(DATA FOR PROCESSING Opens)

text \<open>The closure of \<open>T\<close> contains \<open>F\<close> but not \<open>b\<close>.\<close>

lemma insert_indep_of_maximal_in:
  assumes T: "maximal_in L F T" and b: "insert b T \<in> L" "b \<notin> F"
    and G: "G \<subseteq> F" "G \<in> L"
  shows "insert b G \<in> L"
proof -
  have TF: "T \<subseteq> F" using T unfolding maximal_in_def by blast
  obtain B where B: "base_of L B" "insert b T \<subseteq> B" using indep_extends_to_base[OF b(1)] by blast
  have BL: "B \<in> L" using base_of_mem[OF B(1)] .
  obtain S where S: "base_of L S" "G \<subseteq> S" "S \<subseteq> G \<union> B"
    using indep_extends_to_base_within[OF G(2) B(1)] by blast
  have TS_B: "T \<union> (S - F) \<subseteq> B" using B(2) S(3) G(1) by blast
  \<comment> \<open>by maximality of \<open>T\<close>, a base between \<open>T \<union> (S - F)\<close> and \<open>S\<close> lies in \<open>B\<close>, so it is \<open>B\<close>\<close>
  obtain S' where S': "base_of L S'" "T \<union> (S - F) \<subseteq> S'" "S' \<subseteq> T \<union> (S - F) \<union> S"
    using indep_extends_to_base_within[OF indep_subset[OF BL TS_B] S(1)] by blast
  have "S' \<inter> F \<in> L" using indep_subset[OF base_of_mem[OF S'(1)]] by blast
  moreover have "T \<subseteq> S' \<inter> F" using S'(2) TF by blast
  ultimately have "S' \<inter> F = T" using T unfolding maximal_in_def by blast
  then have S'_sub: "S' \<subseteq> T \<union> (S - F)" using S'(3) by blast
  then have "S' \<subseteq> B" using TS_B by blast
  then have "S' = B" using S'(1) BL unfolding base_of_def by blast
  then have "b \<in> S" using B(2) S'_sub b(2) TF by blast
  then show ?thesis using indep_subset[OF base_of_mem[OF S(1)]] S(2) by blast
qed

lemma finitarization_base_contains_base:
  assumes F: "base_of (finitarization E L) F"
  shows "\<exists>B. base_of L B \<and> B \<subseteq> F"
proof -
  have FP: "F \<in> finitarization E L" using base_of_mem[OF F] .
  obtain T where T: "maximal_in L F T"
    using indep_extends_to_maximal_in[OF empty_indep _ finitarization_subset_ground[OF FP]] by blast
  have TL: "T \<in> L" and TF: "T \<subseteq> F" using T unfolding maximal_in_def by auto
  have "base_of L T"
  proof (rule ccontr)
    assume "\<not> base_of L T"
    moreover obtain B0 where "base_of L B0" using indep_extends_to_base[OF empty_indep] by blast
    ultimately obtain b where b: "b \<in> B0 - T" "insert b T \<in> L"
      using indep_augment_from_base[OF _ TL] by blast
    have bE: "b \<in> E" using indep_subset_ground[OF b(2)] by blast
    have bF: "b \<notin> F" using T b unfolding maximal_in_def by blast
    then have "insert b F \<notin> finitarization E L" using F unfolding base_of_def by blast
    then obtain G where "G \<subseteq> F" "G \<in> L" "insert b G \<notin> L"
      using finitarization_insert_dependent_witness[OF FP bE] by blast
    then show False using insert_indep_of_maximal_in[OF T b(2) bF] by blast
  qed
  then show ?thesis using TF by blast
qed

lemma near_finitarization_eq_finitarization:
  assumes "nearly_finitary E L"
  shows "near_finitarization E L = finitarization E L"
proof
  show "finitarization E L \<subseteq> near_finitarization E L"
  proof
    fix X assume X: "X \<in> finitarization E L"
    obtain F where F: "X \<subseteq> F" "maximal_in (finitarization E L) E F"
      using finitarization_extends_to_maximal_in[OF X finitarization_subset_ground[OF X]] by blast
    have "\<forall>A\<in>finitarization E L. A \<subseteq> E" using finitarization_subset_ground by blast
    then have F_base: "base_of (finitarization E L) F"
      using maximal_in_ground_iff_base_of F(2) by blast
    obtain B where B: "base_of L B" "B \<subseteq> F"
      using finitarization_base_contains_base[OF F_base] by blast
    have "finite (F - B)" using assms F_base B unfolding nearly_finitary_def by blast
    moreover have "X - B \<inter> X \<subseteq> F - B" using F(1) by blast
    ultimately have "finite (X - B \<inter> X)" by (rule finite_subset[rotated])
    moreover have "B \<inter> X \<in> L" using indep_subset[OF base_of_mem[OF B(1)]] by blast
    ultimately show "X \<in> near_finitarization E L"
      unfolding near_finitarization_def using X by blast
  qed
qed (auto simp: near_finitarization_def)

lemma nearly_finitary_if_finitary_near_finitarization:
  assumes "finitary E (near_finitarization E L)"
  shows "nearly_finitary E L"
  unfolding nearly_finitary_def
proof (intro allI impI)
  fix F B assume FB: "base_of (finitarization E L) F \<and> base_of L B \<and> B \<subseteq> F"
  have FP: "F \<in> finitarization E L" using FB base_of_mem by blast
  have "F \<in> near_finitarization E L"
    using assms finitarization_subset_ground[OF FP] indep_mem_near_finitarization
      finite_subset_mem_finitarization[OF FP] unfolding finitary_def by blast
  then obtain S where S: "S \<in> L" "S \<subseteq> F" "finite (F - S)"
    unfolding near_finitarization_def by blast
  obtain B' where B': "base_of L B'" "S \<subseteq> B'" using indep_extends_to_base[OF S(1)] by blast
  have "finite (B - B')" using S B' FB finite_subset[of "B - B'" "F - S"] by blast
  then have "finite (B' - B)" using base_diff_card FB B'(1) by blast
  moreover have "F - B \<subseteq> (F - S) \<union> (B' - B)" using B' by blast
  ultimately show "finite (F - B)" using S(3) finite_subset by blast
qed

(DATA FOR PROCESSING Closes)

TASK OBJECTIVE: In the data above, find the line that contains "using finitarization_base_contains_base[OF F_base]" and the line that contains "B(1)]] by blast". Repeat exactly those lines and every line between them, and only those.

ANSWER SPACE:
      using finitarization_base_contains_base[OF F_base] by blast
    have "finite (F - B)" using assms F_base B unfolding nearly_finitary_def by blast
    moreover have "X - B \<inter> X \<subseteq> F - B" using F(1) by blast
    ultimately have "finite (X - B \<inter> X)" by (rule finite_subset[rotated])
    moreover have "B \<inter> X \<in> L" using indep_subset[OF base_of_mem[OF B(1)]] by blast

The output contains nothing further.